Thursday’s profit-taking — SanDisk -3.5%, Micron -4%, Seagate -2.5% — lasted exactly one session. Friday: SanDisk +16.4%, Micron +11%, Seagate to $782.64 (+2.11%), Western Digital +3%. The memory and storage complex is the second most powerful trade of the AI era after Nvidia — and on this Friday, storage outperformed compute decisively. SanDisk is up 493% year-to-date.

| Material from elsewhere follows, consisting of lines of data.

(* Let $T=-T_{\mathfrak p}Q|_{\mathfrak p}+T_1Q|_{\mathfrak k_1}+\cdots+T_{r+s}Q|_{\mathfrak k_{r+s}}$ be a left-invariant $(0,2)$-tensor field on $G$ with $T_{\mathfrak p},T_1,\dots,T_{r+s}>0$. If $$\sum_{i=1}^{r+s}\frac{n^2\kappa_iT_{\mathfrak p}^2-d_i^2(1-\kappa_i)T_i^2}{nT_{\mathfrak p}T_i}-2n<0,$$ then the functional $S|_{\mathcal M_T^-}$ attains its global maximum.
   Context: Let $G$ be a connected non-compact simple Lie group with Lie algebra $\mathfrak g$, $K$ a maximal compact subgroup with Lie algebra $\mathfrak k$, $B$ the Killing form of $\mathfrak g$, and $\mathfrak p$ the $B$-orthogonal complement of $\mathfrak k$ in $\mathfrak g$. Let $Q=B|_{\mathfrak p}-B|_{\mathfrak k}$. Write $\mathfrak k=\mathfrak k_1\oplus\cdots\oplus\mathfrak k_{r+s}$, where $\mathfrak k_1,\dots,\mathfrak k_r$ are the simple ideals of $[\mathfrak k,\mathfrak k]$, $\mathfrak k_{r+1}$ is the centre of $\mathfrak k$, and $s=1$ if the centre is nontrivial, $s=0$ otherwise. Let $n=\dim\mathfrak p$, $d_i=\dim\mathfrak k_i$, and define $\kappa_i$ by $B_i=\kappa_iB|_{\mathfrak k_i}$, $B_i$ the Killing form of $\mathfrak k_i$. Left-invariant tensor fields on $G$ are identified with bilinear forms on $\mathfrak g$; $Q|_{\mathfrak u}$ denotes $Q$ restricted to $\mathfrak u$ and extended by zero on its $Q$-orthogonal complement. $\mathcal M_K$ is the set of left-invariant metrics on $G$ naturally reductive with respect to $G\times K$ (acting by $(x,k)y=xyk^{-1}$), which by a theorem of Gordon are exactly the metrics $\beta Q|_{\mathfrak p}+\sum_i\alpha_iQ|_{\mathfrak k_i}$ with $\beta,\alpha_i>0$. $S$ is the scalar curvature functional, and $\mathcal M_T^-=\{g\in\mathcal M_K:\mathrm{tr}_gT=-1\}$. *)

theory Defs
  imports "HOL-Analysis.Analysis"
begin

text \<open>A finite-dimensional real Lie algebra is modelled on a euclidean space type 'g
  (the inner product is used only to compute traces of endomorphisms).\<close>

definition lie_algebra :: "('g::euclidean_space \<Rightarrow> 'g \<Rightarrow> 'g) \<Rightarrow> bool" where
  "lie_algebra br \<longleftrightarrow> (\<forall>x. linear (br x)) \<and> (\<forall>y. linear (\<lambda>x. br x y))
     \<and> (\<forall>x y. br x y = - br y x)
     \<and> (\<forall>x y z. br x (br y z) + br y (br z x) + br z (br x y) = 0)"

definition trace_end :: "('g::euclidean_space \<Rightarrow> 'g) \<Rightarrow> real" where
  "trace_end f = (\<Sum>b\<in>Basis. f b \<bullet> b)"

definition killing :: "('g::euclidean_space \<Rightarrow> 'g \<Rightarrow> 'g) \<Rightarrow> 'g \<Rightarrow> 'g \<Rightarrow> real" where
  "killing br x y = trace_end (\<lambda>v. br x (br y v))"

definition lie_ideal_of :: "('g::euclidean_space \<Rightarrow> 'g \<Rightarrow> 'g) \<Rightarrow> 'g set \<Rightarrow> 'g set \<Rightarrow> bool" where
  "lie_ideal_of br h I \<longleftrightarrow> subspace I \<and> I \<subseteq> h \<and> (\<forall>x\<in>h. \<forall>y\<in>I. br x y \<in> I)"

definition simple_lie :: "('g::euclidean_space \<Rightarrow> 'g \<Rightarrow> 'g) \<Rightarrow> 'g set \<Rightarrow> bool" where
  "simple_lie br I \<longleftrightarrow> (\<exists>x\<in>I. \<exists>y\<in>I. br x y \<noteq> 0)
     \<and> (\<forall>J. lie_ideal_of br I J \<longrightarrow> J = {0} \<or> J = I)"

definition noncompact_lie :: "('g::euclidean_space \<Rightarrow> 'g \<Rightarrow> 'g) \<Rightarrow> bool" where
  "noncompact_lie br \<longleftrightarrow> \<not> (\<forall>x. x \<noteq> 0 \<longrightarrow> killing br x x < 0)"

definition derived :: "('g::euclidean_space \<Rightarrow> 'g \<Rightarrow> 'g) \<Rightarrow> 'g set \<Rightarrow> 'g set" where
  "derived br h = span {br x y | x y. x \<in> h \<and> y \<in> h}"

definition centre :: "('g::euclidean_space \<Rightarrow> 'g \<Rightarrow> 'g) \<Rightarrow> 'g set \<Rightarrow> 'g set" where
  "centre br h = {x \<in> h. \<forall>y\<in>h. br x y = 0}"

definition kperp :: "('g::euclidean_space \<Rightarrow> 'g \<Rightarrow> 'g) \<Rightarrow> 'g set \<Rightarrow> 'g set" where
  "kperp br k = {x. \<forall>y\<in>k. killing br x y = 0}"

text \<open>k is the Lie algebra of a maximal compact subgroup: the k-part of a Cartan decomposition.\<close>
definition cartan_subalg :: "('g::euclidean_space \<Rightarrow> 'g \<Rightarrow> 'g) \<Rightarrow> 'g set \<Rightarrow> bool" where
  "cartan_subalg br k \<longleftrightarrow> subspace k \<and> (\<forall>x\<in>k. \<forall>y\<in>k. br x y \<in> k)
     \<and> (\<forall>x\<in>k. x \<noteq> 0 \<longrightarrow> killing br x x < 0)
     \<and> (\<forall>x\<in>kperp br k. \<forall>y\<in>kperp br k. br x y \<in> k)
     \<and> (\<forall>x\<in>kperp br k. x \<noteq> 0 \<longrightarrow> killing br x x > 0)"

definition projk :: "('g::euclidean_space \<Rightarrow> 'g \<Rightarrow> 'g) \<Rightarrow> 'g set \<Rightarrow> 'g \<Rightarrow> 'g" where
  "projk br k x = (THE u. u \<in> k \<and> (\<forall>w\<in>k. killing br (x - u) w = 0))"

definition Qform :: "('g::euclidean_space \<Rightarrow> 'g \<Rightarrow> 'g) \<Rightarrow> 'g set \<Rightarrow> 'g \<Rightarrow> 'g \<Rightarrow> real" where
  "Qform br k x y = killing br (x - projk br k x) (y - projk br k y)
                    - killing br (projk br k x) (projk br k y)"

definition qproj :: "('g::euclidean_space \<Rightarrow> 'g \<Rightarrow> 'g) \<Rightarrow> 'g set \<Rightarrow> 'g set \<Rightarrow> 'g \<Rightarrow> 'g" where
  "qproj br k U x = (THE u. u \<in> U \<and> (\<forall>w\<in>U. Qform br k (x - u) w = 0))"

text \<open>Q restricted to U, extended by zero on its Q-orthogonal complement.\<close>
definition Qres :: "('g::euclidean_space \<Rightarrow> 'g \<Rightarrow> 'g) \<Rightarrow> 'g set \<Rightarrow> 'g set \<Rightarrow> 'g \<Rightarrow> 'g \<Rightarrow> real" where
  "Qres br k U x y = Qform br k (qproj br k U x) (qproj br k U y)"

text \<open>Killing form of the subalgebra U (U invariant under ad of its elements).\<close>
definition killing_on :: "('g::euclidean_space \<Rightarrow> 'g \<Rightarrow> 'g) \<Rightarrow> 'g set \<Rightarrow> 'g set \<Rightarrow> 'g \<Rightarrow> 'g \<Rightarrow> real" where
  "killing_on br k U x y = trace_end (\<lambda>v. br x (br y (qproj br k U v)))"

definition kappa :: "('g::euclidean_space \<Rightarrow> 'g \<Rightarrow> 'g) \<Rightarrow> 'g set \<Rightarrow> 'g set \<Rightarrow> real" where
  "kappa br k U = (THE c. \<forall>x\<in>U. \<forall>y\<in>U. killing_on br k U x y = c * killing br x y)"

text \<open>ks 0, ..., ks (r-1) are the simple ideals of [k,k] (listed without repetition);
  if the centre of k is nontrivial, m = r+1 and ks r is the centre, otherwise m = r.\<close>
definition k_decomp :: "('g::euclidean_space \<Rightarrow> 'g \<Rightarrow> 'g) \<Rightarrow> 'g set \<Rightarrow> (nat \<Rightarrow> 'g set) \<Rightarrow> nat \<Rightarrow> nat \<Rightarrow> bool" where
  "k_decomp br k ks r m \<longleftrightarrow> inj_on ks {..<r}
     \<and> ks ` {..<r} = {I. lie_ideal_of br (derived br k) I \<and> simple_lie br I}
     \<and> (if centre br k = {0} then m = r else m = Suc r \<and> ks r = centre br k)"
theorem lemma3:
  fixes N :: nat and s u v p :: "nat \<Rightarrow> real" and \<mu> :: real and \<phi> :: "real \<Rightarrow> real"
  assumes N2: "N \<ge> 2"
    and s0: "s 0 = 0" and sN: "s N = 1"
    and s_mid: "\<forall>i\<in>{1..N-1}. 0 < s i \<and> s i < 1"
    and mu_pos: "\<mu> > 0"
    and v_pos: "\<forall>i\<in>{1..N-1}. v i > 0"
    and u_pos: "\<forall>i\<in>{1..N-1}. u i > 0"
    and v_eig: "\<forall>i\<in>{1..N-1}. (\<Sum>j\<in>{1..N-1}. moran_M N s i j * v j) = \<mu> * v i"
    and u_eig: "\<forall>j\<in>{1..N-1}. (\<Sum>i\<in>{1..N-1}. u i * moran_M N s i j) = \<mu> * u j"
    and v_norm: "(\<Sum>i\<in>{1..N-1}. v i) = 1"
    and uv_norm: "(\<Sum>i\<in>{1..N-1}. u i * v i) = 1"
    and phi_convex: "convex_on {0..} \<phi>"
    and phi1: "\<phi> 1 = 0"
    and p_simplex: "p \<in> prob_simplex N"
    and p_pos: "core_ip N u p > 0"
  shows "entropy \<phi> N u v (moran_apply N s p) \<le> entropy \<phi> N u v p
       \<and> (strictly_convex_on {0..} \<phi> \<longrightarrow>
            (entropy \<phi> N u v (moran_apply N s p) = entropy \<phi> N u v p
               \<longleftrightarrow> p \<in> quasi_stationary N v))"
proof -
  let ?C = "{1..N-1}" and ?M = "moran_M N s"
  have s_C: "0 \<le> s j" "s j < 1" if "j \<in> ?C" for j
    using s_mid that by (auto simp: less_imp_le)
  interpret E: positive_eigenpair ?C ?M u v \<mu>
  proof
    show "?M i j \<ge> 0" if "j \<in> ?C" for i j
      using s_C[OF that] that by (intro moran_M_nonneg) auto
  qed (use mu_pos u_pos v_pos v_eig u_eig in auto)
  have p_nonneg: "\<And>j. j \<in> ?C \<Longrightarrow> p j \<ge> 0"
    using p_simplex unfolding prob_simplex_def by auto
  have E_act: "entropy \<phi> N u v (moran_apply N s p) = perron_entropy \<phi> ?C u v (mat_act ?C ?M p)"
    unfolding entropy_eq_perron_entropy
    by (intro perron_entropy_cong moran_apply_eq_mat_act[OF s0 sN])
  have E_p: "entropy \<phi> N u v p = perron_entropy \<phi> ?C u v p"
    by (rule entropy_eq_perron_entropy)
  have chain: "0 < ?M n n \<and> 0 < ?M n (Suc n)" if "1 \<le> n" "n < N - 1" for n
    using s_C that by (auto intro!: moran_M_diag_pos moran_M_superdiag_pos)
  have "(\<Sum>j\<in>?C. u j * p j) \<noteq> 0"
    using p_pos unfolding core_ip_def by simp
  then have "perron_entropy \<phi> ?C u v (mat_act ?C ?M p) = perron_entropy \<phi> ?C u v p
      \<longleftrightarrow> (\<exists>t. \<forall>j\<in>?C. p j = t * v j)" if "strictly_convex_on {0..} \<phi>"
    using perron_entropy_mat_act_eq_imp_proportional[OF E.positive_eigenpair_axioms _ chain that p_nonneg]
      E.perron_entropy_mat_act_eq_if_proportional N2 by auto
  then show ?thesis
    using E.perron_entropy_mat_act_le[OF phi_convex p_nonneg]
      quasi_stationary_iff_proportional[OF N2 p_simplex v_pos v_norm]
    unfolding E_act E_p by simp
qed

Seagate has gained 677% over twelve months. Micron +151% year-to-date. Western Digital +176% year-to-date. In April alone, SanDisk rocketed 81%, dwarfing Nvidia’s 1.8%. The market no longer treats storage as cyclical hardware. It treats the three companies as infrastructure utilities for the AI economy.

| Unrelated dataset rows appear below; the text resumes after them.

lemma block_lift_block_pairing: "block_lift n k (block_pairing n k \<pi>) = \<pi>"
proof
  fix i
  show "block_lift n k (block_pairing n k \<pi>) i = \<pi> i"
  proof (cases "i \<in> {1..n * k}")
    case True
    obtain j r where jr: "blk n i = j" "r = i - (j - 1) * n" by blast
    then have j: "j \<in> {1..k}" and r: "r \<in> {1..n}" and i: "i = (j - 1) * n + r"
      using blk_in_range[OF n_pos True] blk_offset_decomp[OF n_pos, of i] True by simp_all
    have "block_lift n k (block_pairing n k \<pi>) i = (bar_pi n \<pi> j + j - 1) * n + 1 - i"
      using True j jr(1) by (simp add: block_lift_def block_pairing_def)
    also have "bar_pi n \<pi> j + j - 1 = bar_pi n \<pi> j + (j - 1)" using j by simp
    also have "(bar_pi n \<pi> j + (j - 1)) * n + 1 - i = bar_pi n \<pi> j * n + 1 - r"
      unfolding add_mult_distrib i by simp
    also have "\<dots> = \<pi> i" using noncrossing_PiNK_offset[OF j r] i by simp
    finally show ?thesis .
  next
    case False
    then show ?thesis using PiNK_fixes[OF n_pos in_PiNK] by (auto simp: block_lift_def)
  qed
qed

end

lemma card_noncrossing_PiNK:
  assumes "n \<ge> 1" "even k"
  shows "real (card {\<pi> \<in> PiNK n k. noncrossing (n * k) \<pi>}) = catalan (k div 2)"
proof -
  have "bij_betw (block_pairing n k) {\<pi> \<in> PiNK n k. noncrossing (n * k) \<pi>} (nc_pair_partitions k)"
  proof (rule bij_betw_byWitness[where f'="block_lift n k"])
    show "\<forall>\<pi>\<in>{\<pi> \<in> PiNK n k. noncrossing (n * k) \<pi>}. block_lift n k (block_pairing n k \<pi>) = \<pi>"
      using block_lift_block_pairing[OF assms(1)] by blast
    show "\<forall>p\<in>nc_pair_partitions k. block_pairing n k (block_lift n k p) = p"
      using block_pairing_block_lift[OF assms(1)] by (auto simp: nc_pair_partitions_def)
    show "block_pairing n k ` {\<pi> \<in> PiNK n k. noncrossing (n * k) \<pi>} \<subseteq> nc_pair_partitions k"
      using block_pairing_in_nc[OF assms(1)] by blast
    show "block_lift n k ` nc_pair_partitions k \<subseteq> {\<pi> \<in> PiNK n k. noncrossing (n * k) \<pi>}"
      using block_lift_in_PiNK[OF assms(1)] noncrossing_block_lift[OF assms(1)]
      by (auto simp: nc_pair_partitions_def)
  qed
  then have "card {\<pi> \<in> PiNK n k. noncrossing (n * k) \<pi>} = card (nc_pair_partitions (2 * (k div 2)))"
    using assms(2) by (simp add: bij_betw_same_card)
  then show ?thesis using card_nc_pair_partitions by simp
qed

lemma finite_PiNK: "finite (PiNK n k)"
  by (rule finite_subset[OF _ finite_pair_partitions[of "n * k"]]) (auto simp: PiNK_def P2_def)

lemma tendsto_powr_neg_exponent:
  assumes "e \<ge> (0::real)"
  shows "((\<lambda>N::nat. real N powr (- e)) \<longlongrightarrow> (if e = 0 then 1 else 0)) sequentially"
proof (cases "e = 0")
  case True
  have "eventually (\<lambda>N::nat. real N powr (- e) = 1) sequentially"
    using eventually_gt_at_top[of "0::nat"] by eventually_elim (use True in auto)
  then show ?thesis using True by (simp add: tendsto_eventually)
next
  case False
  then have "((\<lambda>N::nat. real N powr (- e)) \<longlongrightarrow> 0) sequentially"
    using assms by (intro tendsto_neg_powr filterlim_real_sequentially) auto
  then show ?thesis using False by simp
qed

theorem K_tendsto_catalan:
  assumes n_pos: "n \<ge> 1" and "even k"
  shows "(\<lambda>N::nat. K k n (real N)) \<longlonglongrightarrow> catalan (k div 2)"
proof -
  define e where "e \<pi> = real (n * k) / 2 - real (cyc0 (n * k) (\<pi> \<circ> alpha (n * k)))" for \<pi>
  have bound: "2 * cyc0 (n * k) (\<pi> \<circ> alpha (n * k)) \<le> n * k \<and>
      (2 * cyc0 (n * k) (\<pi> \<circ> alpha (n * k)) = n * k \<longleftrightarrow> noncrossing (n * k) \<pi>)"
    if "\<pi> \<in> PiNK n k" for \<pi>
    using pair_partition_cycle_bound[OF PiNK_pair_partition[OF n_pos that]] .
  have "e \<pi> \<ge> 0" if "\<pi> \<in> PiNK n k" for \<pi> using bound[OF that] unfolding e_def by linarith
  then have "((\<lambda>N::nat. \<Sum>\<pi>\<in>PiNK n k. real N powr (- e \<pi>)) \<longlongrightarrow>
      (\<Sum>\<pi>\<in>PiNK n k. if e \<pi> = 0 then 1 else 0)) sequentially"
    by (intro tendsto_sum tendsto_powr_neg_exponent)
  moreover have "(\<Sum>\<pi>\<in>PiNK n k. if e \<pi> = 0 then 1 else 0) =
      (\<Sum>\<pi>\<in>PiNK n k. if noncrossing (n * k) \<pi> then 1 else (0::real))"
  proof (rule sum.cong)
    fix \<pi> assume "\<pi> \<in> PiNK n k"
    have "e \<pi> = 0 \<longleftrightarrow> 2 * cyc0 (n * k) (\<pi> \<circ> alpha (n * k)) = n * k" unfolding e_def by linarith
    then show "(if e \<pi> = 0 then 1 else 0) = (if noncrossing (n * k) \<pi> then 1 else (0::real))"
      using bound[OF \<open>\<pi> \<in> PiNK n k\<close>] by simp
  qed simp
  moreover have "\<dots> = real (card {\<pi> \<in> PiNK n k. noncrossing (n * k) \<pi>})"
    using finite_PiNK by (simp add: sum.If_cases Int_def)
  ultimately show ?thesis
    using card_noncrossing_PiNK[OF assms] by (simp add: K_def e_def)
qed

The three companies occupy distinct but complementary roles in the AI storage stack. SanDisk (NAND flash) serves the high-speed, close-to-compute layer — retrieval-augmented generation (RAG), vector databases, agent memory, and inference caches all require NAND that is fast enough and dense enough for continuous lookups. SanDisk’s Q3 FY2026 revenue reached $5.95 billion, up 251% year-on-year, with data center revenue hitting $1.47 billion. Mizuho raised its price target to $1,625 from $1,220. Seagate (hard disk drives using HAMR technology) serves the high-capacity, cost-efficient layer — AI training data, large model weights, and unstructured data that SSDs (solid-state drives) cannot store economically at petabyte scale. Seagate’s Mozaic HAMR technology enables mass production of 30TB+ drives, the reason hyperscalers are locking in multi-year supply contracts. Management confirmed nearline HDD capacity is nearly fully allocated through calendar 2027. Western Digital CEO Irving Tan: “Virtually every AI workload, from training, inference, agentic AI to physical AI, creates data that is stored persistently and cost-efficiently on HDDs.”
Seagate’s Q4 FY2026 EPS guidance of $5.00 came in 26% above Wall Street consensus after a Q3 print with revenue of $3.1 billion and EPS of $4.10. Non-GAAP operating margins hit 37.5%. Full fiscal 2026 EPS tracking toward approximately $14. Rosenblatt raised its price target to $1,000 from $500 — the most bullish HDD call of 2026 — joined by upgrades from BofA, Citi, Goldman Sachs, and Barclays. Large data centers now account for 80% of Seagate’s revenue. The bear case for watching: Seagate insider selling totaling $46.48 million, Michael Burry comparing SanDisk to the 1999 Qualcomm record run, and the structural risk that NAND pricing power fades when supply catches up to demand. The AI data exhaust trade is structural; memory markets have always been cyclical. The question for the next six months is which force proves dominant.
WTI (West Texas Intermediate, the US oil benchmark) settled at $95.42 on Friday, gaining 0.64% from Thursday’s close. The Iran UAE missile attack pushed oil from its session lows. Brent (the global crude benchmark) settled at $101.29. Despite Friday’s bounce, both contracts posted weekly losses exceeding 6% as markets priced the Iran deal across the five-session week — a decline of more than $10 per barrel from the $106.42 peak on April 29. JPMorgan warned clients Thursday that the supply buffers insulating the oil market from the war are eroding and that demand destruction is beginning as energy consumers adjust to elevated prices. The IEA (International Energy Agency) has estimated the conflict is disrupting approximately 14 million barrels per day of global oil supply. Even if Hormuz reopens next week, the physical resumption will be gradual: 1,600 stranded vessels need rescheduling, port operations need restarting, and maritime insurance premiums that tripled during the war will take weeks to normalize. The oil market is pricing the deal 3-4 weeks ahead of the physical reality it implies.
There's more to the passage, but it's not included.